■ Items from a dataset

(* Let $\mathfrak{C}$ be a clustering functor on $\mathcal{M}^{inj}$ that is scale invariant: for every finite metric space $(X,d_X)$ and every $\lambda>0$, $\mathfrak{C}(X,\lambda\cdot d_X)=\mathfrak{C}(X,d_X)$. Let $K(\mathfrak{C})=\{k\geq2:\mathfrak{C}(\Delta_k(1))\text{ consists of one block}\}$. If $K(\mathfrak{C})=\emptyset$, then $\mathfrak{C}$ assigns to each finite metric space its partition into singletons. Otherwise, letting $k_{\mathfrak{C}}=\min K(\mathfrak{C})$: for each $k\geq k_{\mathfrak{C}}$, $\mathfrak{C}$ assigns to each $X\in\mathcal{M}_k$ the partition of $X$ with only one block, and for each $2\leq k<k_{\mathfrak{C}}$, $\mathfrak{C}$ assigns to each $X\in\mathcal{M}_k$ the partition of $X$ into $k$ singletons.
   Context: $\mathcal{M}^{inj}$ is the category whose objects are finite metric spaces and whose morphisms $f:(X,d_X)\to(Y,d_Y)$ are injective distance non-increasing maps. For a set map $f:X\to Y$ and a partition $P_Y$ of $Y$, $f^*(P_Y)$ is the partition of $X$ with blocks the nonempty sets $f^{-1}(B)$, $B\in P_Y$. A clustering functor on $\mathcal{M}^{inj}$ is a rule $\mathfrak{C}$ assigning to every finite metric space $(X,d_X)$ a partition $\mathfrak{C}(X,d_X)$ of $X$ such that for every morphism $f:X\to Y$, $\mathfrak{C}(X)$ refines $f^*(\mathfrak{C}(Y))$. For $k\geq2$ and $\delta>0$, $\Delta_k(\delta)$ is the metric space with $k$ points all of whose pairwise distances equal $\delta$. $\mathcal{M}_k$ denotes the collection of finite metric spaces with exactly $k$ points. *)

theory Defs
  imports Complex_Main "HOL-Library.Disjoint_Sets"
begin

text \<open>Finite metric spaces are represented with carrier a finite subset of nat
  and a distance function on nat (only its values on the carrier matter).\<close>

definition fin_metric :: "nat set \<Rightarrow> (nat \<Rightarrow> nat \<Rightarrow> real) \<Rightarrow> bool" where
  "fin_metric X d \<longleftrightarrow> finite X \<and>
     (\<forall>x\<in>X. \<forall>y\<in>X. d x y \<ge> 0 \<and> (d x y = 0 \<longleftrightarrow> x = y) \<and> d x y = d y x) \<and>
     (\<forall>x\<in>X. \<forall>y\<in>X. \<forall>z\<in>X. d x z \<le> d x y + d y z)"

definition inj_morph :: "nat set \<Rightarrow> (nat \<Rightarrow> nat \<Rightarrow> real) \<Rightarrow> nat set \<Rightarrow> (nat \<Rightarrow> nat \<Rightarrow> real)
    \<Rightarrow> (nat \<Rightarrow> nat) \<Rightarrow> bool" where
  "inj_morph X dX Y dY f \<longleftrightarrow> f ` X \<subseteq> Y \<and> inj_on f X \<and>
     (\<forall>x\<in>X. \<forall>y\<in>X. dY (f x) (f y) \<le> dX x y)"

definition pullback :: "(nat \<Rightarrow> nat) \<Rightarrow> nat set \<Rightarrow> nat set set \<Rightarrow> nat set set" where
  "pullback f X PY = {f -` B \<inter> X | B. B \<in> PY \<and> f -` B \<inter> X \<noteq> {}}"

definition refines :: "'a set set \<Rightarrow> 'a set set \<Rightarrow> bool" where
  "refines P Q \<longleftrightarrow> (\<forall>B\<in>P. \<exists>B'\<in>Q. B \<subseteq> B')"

definition clustering_functor ::
    "(nat set \<Rightarrow> (nat \<Rightarrow> nat \<Rightarrow> real) \<Rightarrow> nat set set) \<Rightarrow> bool" where
  "clustering_functor C \<longleftrightarrow>
     (\<forall>X d. fin_metric X d \<longrightarrow> partition_on X (C X d)) \<and>
     (\<forall>X dX Y dY f. fin_metric X dX \<and> fin_metric Y dY \<and> inj_morph X dX Y dY f \<longrightarrow>
        refines (C X dX) (pullback f X (C Y dY)))"

definition scale_invariant ::
    "(nat set \<Rightarrow> (nat \<Rightarrow> nat \<Rightarrow> real) \<Rightarrow> nat set set) \<Rightarrow> bool" where
  "scale_invariant C \<longleftrightarrow>
     (\<forall>X d (l::real). fin_metric X d \<and> l > 0 \<longrightarrow> C X (\<lambda>x y. l * d x y) = C X d)"

definition Delta_carrier :: "nat \<Rightarrow> nat set" where
  "Delta_carrier k = {0..<k}"

definition Delta_dist :: "real \<Rightarrow> nat \<Rightarrow> nat \<Rightarrow> real" where
  "Delta_dist \<delta> x y = (if x = y then 0 else \<delta>)"

definition Kset :: "(nat set \<Rightarrow> (nat \<Rightarrow> nat \<Rightarrow> real) \<Rightarrow> nat set set) \<Rightarrow> nat set" where
  "Kset C = {k. k \<ge> 2 \<and> card (C (Delta_carrier k) (Delta_dist 1)) = 1}"

end

theory Submission
  imports Defs
begin

text \<open>Every finite metric space with k points receives a morphism from the uniform space
  \<open>\<Delta>\<^sub>k(M)\<close> for M at least its diameter, and a morphism to \<open>\<Delta>\<^sub>k(m)\<close> for m at most its
  least positive distance. By scale invariance the clustering of \<open>\<Delta>\<^sub>k(\<delta>)\<close> does not depend on
  \<open>\<delta>\<close>, so functoriality transports it to all of \<open>\<M>\<^sub>k\<close>: a one-block clustering of \<open>\<Delta>\<^sub>k(1)\<close>
  forces one block, a discrete one forces singletons. Permutations of \<open>\<Delta>\<^sub>k(1)\<close> are
  automorphisms, so a block containing two points absorbs every point and \<open>\<Delta>\<^sub>k(1)\<close> is
  clustered either trivially or discretely. Finally the inclusion \<open>\<Delta>\<^sub>k \<hookrightarrow> \<Delta>\<^sub>k\<^sub>+\<^sub>1\<close> shows
  that K is closed upwards.\<close>

lemma partition_on_block_eq:
  assumes "partition_on A P" "B \<in> P" "B' \<in> P" "x \<in> B" "x \<in> B'"
  shows "B = B'"
  using assms disjointD[OF partition_onD2[OF assms(1)]] by blast

lemma partition_on_eq_single_block:
  assumes "partition_on A P" "A \<in> P"
  shows "P = {A}"
proof -
  have "B = A" if "B \<in> P" for B
  proof -
    have "B \<noteq> {}" using that partition_onD3[OF assms(1)] by blast
    then obtain x where "x \<in> B" by blast
    moreover have "x \<in> A" using calculation that partition_onD1[OF assms(1)] by blast
    ultimately show ?thesis using partition_on_block_eq[OF assms(1) that assms(2)] by blast
  qed
  then show ?thesis using assms(2) by blast
qed

lemma partition_on_eq_singletons:
  assumes "partition_on A P" and subsingleton: "\<And>B a b. B \<in> P \<Longrightarrow> a \<in> B \<Longrightarrow> b \<in> B \<Longrightarrow> a = b"
  shows "P = (\<lambda>x. {x}) ` A"
proof (intro equalityI subsetI)
  have singleton: "B = {a}" if "B \<in> P" "a \<in> B" for B a
    using that subsingleton by blast
  fix B assume "B \<in> P"
  moreover from this have "B \<noteq> {}" using partition_onD3[OF assms(1)] by blast
  ultimately show "B \<in> (\<lambda>x. {x}) ` A"
    using singleton partition_onD1[OF assms(1)] by blast
next
  fix S assume "S \<in> (\<lambda>x. {x}) ` A"
  then obtain x B where "S = {x}" "B \<in> P" "x \<in> B"
    using partition_onD1[OF assms(1)] by blast
  moreover from this have "B = {x}" using subsingleton by blast
  ultimately show "S \<in> P" by simp
qed

lemma clustering_functor_partition:
  "clustering_functor C \<Longrightarrow> fin_metric X d \<Longrightarrow> partition_on X (C X d)"
  unfolding clustering_functor_def by blast

lemma clustering_functor_image_block:
  assumes "clustering_functor C" "fin_metric X dX" "fin_metric Y dY"
    and "inj_morph X dX Y dY f" and "B \<in> C X dX"
  obtains B' where "B' \<in> C Y dY" "f ` B \<subseteq> B'"
proof -
  have "refines (C X dX) (pullback f X (C Y dY))"
    using assms(1-4) unfolding clustering_functor_def by blast
  then show ?thesis
    using assms(5) that unfolding refines_def pullback_def by blast
qed

lemma fin_metric_Delta: "\<delta> > 0 \<Longrightarrow> fin_metric (Delta_carrier k) (Delta_dist \<delta>)"
  by (auto simp: fin_metric_def Delta_carrier_def Delta_dist_def)

lemma scale_invariant_Delta:
  assumes "scale_invariant C" "\<delta> > 0"
  shows "C (Delta_carrier k) (Delta_dist \<delta>) = C (Delta_carrier k) (Delta_dist 1)"
proof -
  have "Delta_dist \<delta> = (\<lambda>x y. \<delta> * Delta_dist 1 x y)"
    by (auto simp: Delta_dist_def fun_eq_iff)
  then show ?thesis
    using assms fin_metric_Delta[of 1 k] unfolding scale_invariant_def by simp
qed

lemma inj_morph_Delta_Delta:
  "inj_on f A \<Longrightarrow> f ` A \<subseteq> B \<Longrightarrow> inj_morph A (Delta_dist \<delta>) B (Delta_dist \<delta>) f"
  by (auto simp: inj_morph_def Delta_dist_def inj_on_def)

lemma inj_morph_from_Delta:
  assumes "fin_metric X d" "bij_betw f A X" "\<And>x y. x \<in> X \<Longrightarrow> y \<in> X \<Longrightarrow> d x y \<le> M"
  shows "inj_morph A (Delta_dist M) X d f"
proof -
  have "d x x = 0" if "x \<in> X" for x
    using assms(1) that unfolding fin_metric_def by blast
  then show ?thesis
    using assms(2,3) unfolding inj_morph_def bij_betw_def Delta_dist_def by auto
qed

lemma inj_morph_to_Delta:
  assumes "fin_metric X d" "bij_betw g X A" "\<And>x y. x \<in> X \<Longrightarrow> y \<in> X \<Longrightarrow> x \<noteq> y \<Longrightarrow> m \<le> d x y"
  shows "inj_morph X d A (Delta_dist m) g"
  using assms unfolding inj_morph_def bij_betw_def fin_metric_def inj_on_def Delta_dist_def
  by auto

lemma fin_metric_bounded:
  assumes "fin_metric X d"
  obtains M where "M > 0" "\<And>x y. x \<in> X \<Longrightarrow> y \<in> X \<Longrightarrow> d x y \<le> M"
proof
  let ?M = "Max (insert 1 ((\<lambda>(x, y). d x y) ` (X \<times> X)))"
  have fin: "finite (insert 1 ((\<lambda>(x, y). d x y) ` (X \<times> X)))"
    using assms by (simp add: fin_metric_def)
  show "?M > 0" using Max_ge[OF fin, of 1] by simp
  show "d x y \<le> ?M" if "x \<in> X" "y \<in> X" for x y
    using Max_ge[OF fin, of "d x y"] that by force
qed

lemma fin_metric_separated:
  assumes "fin_metric X d"
  obtains m where "m > 0" "\<And>x y. x \<in> X \<Longrightarrow> y \<in> X \<Longrightarrow> x \<noteq> y \<Longrightarrow> m \<le> d x y"
proof
  let ?S = "insert 1 ((\<lambda>(x, y). d x y) ` {p \<in> X \<times> X. fst p \<noteq> snd p})"
  have fin: "finite ?S" using assms by (simp add: fin_metric_def)
  have "s > 0" if "s \<in> ?S" for s
    using that assms unfolding fin_metric_def by (force simp: less_le)
  then show "Min ?S > 0" using Min_in[OF fin] by blast
  show "Min ?S \<le> d x y" if "x \<in> X" "y \<in> X" "x \<noteq> y" for x y
    using Min_le[OF fin, of "d x y"] that by force
qed

lemma bij_betw_Delta_carrier:
  assumes "finite X"
  obtains f where "bij_betw f (Delta_carrier (card X)) X"
  using finite_same_card_bij[OF _ assms, of "Delta_carrier (card X)"]
  by (auto simp: Delta_carrier_def)

lemma clustering_single_block_if_Delta:
  assumes CF: "clustering_functor C" and SI: "scale_invariant C" and X: "fin_metric X d"
    and single: "C (Delta_carrier (card X)) (Delta_dist 1) = {Delta_carrier (card X)}"
  shows "C X d = {X}"
proof -
  let ?D = "Delta_carrier (card X)"
  have part: "partition_on X (C X d)" using clustering_functor_partition[OF CF X] .
  obtain f where f: "bij_betw f ?D X"
    using bij_betw_Delta_carrier X unfolding fin_metric_def by blast
  obtain M where M: "M > 0" "\<And>x y. x \<in> X \<Longrightarrow> y \<in> X \<Longrightarrow> d x y \<le> M"
    using fin_metric_bounded[OF X] by blast
  have "?D \<in> C ?D (Delta_dist M)"
    using single scale_invariant_Delta[OF SI M(1)] by simp
  then obtain B where B: "B \<in> C X d" "f ` ?D \<subseteq> B"
    using clustering_functor_image_block[OF CF fin_metric_Delta[OF M(1)] X
        inj_morph_from_Delta[OF X f M(2)]] by blast
  moreover have "f ` ?D = X" using f by (rule bij_betw_imp_surj_on)
  ultimately have "B = X" using partition_onD1[OF part] by blast
  then show ?thesis using B(1) partition_on_eq_single_block[OF part] by simp
qed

■ ACTIVITY
Check each line above for the string "noteq" and copy the ones that have it.

■ REPLY
  "pullback f X PY = {f -` B \<inter> X | B. B \<in> PY \<and> f -` B \<inter> X \<noteq> {}}"
    have "B \<noteq> {}" using that partition_onD3[OF assms(1)] by blast
  moreover from this have "B \<noteq> {}" using partition_onD3[OF assms(1)] by blast
  assumes "fin_metric X d" "bij_betw g X A" "\<And>x y. x \<in> X \<Longrightarrow> y \<in> X \<Longrightarrow> x \<noteq> y \<Longrightarrow> m \<le> d x y"
  obtains m where "m > 0" "\<And>x y. x \<in> X \<Longrightarrow> y \<in> X \<Longrightarrow> x \<noteq> y \<Longrightarrow> m \<le> d x y"
  let ?S = "insert 1 ((\<lambda>(x, y). d x y) ` {p \<in> X \<times> X. fst p \<noteq> snd p})"
  show "Min ?S \<le> d x y" if "x \<in> X" "y \<in> X" "x \<noteq> y" for x y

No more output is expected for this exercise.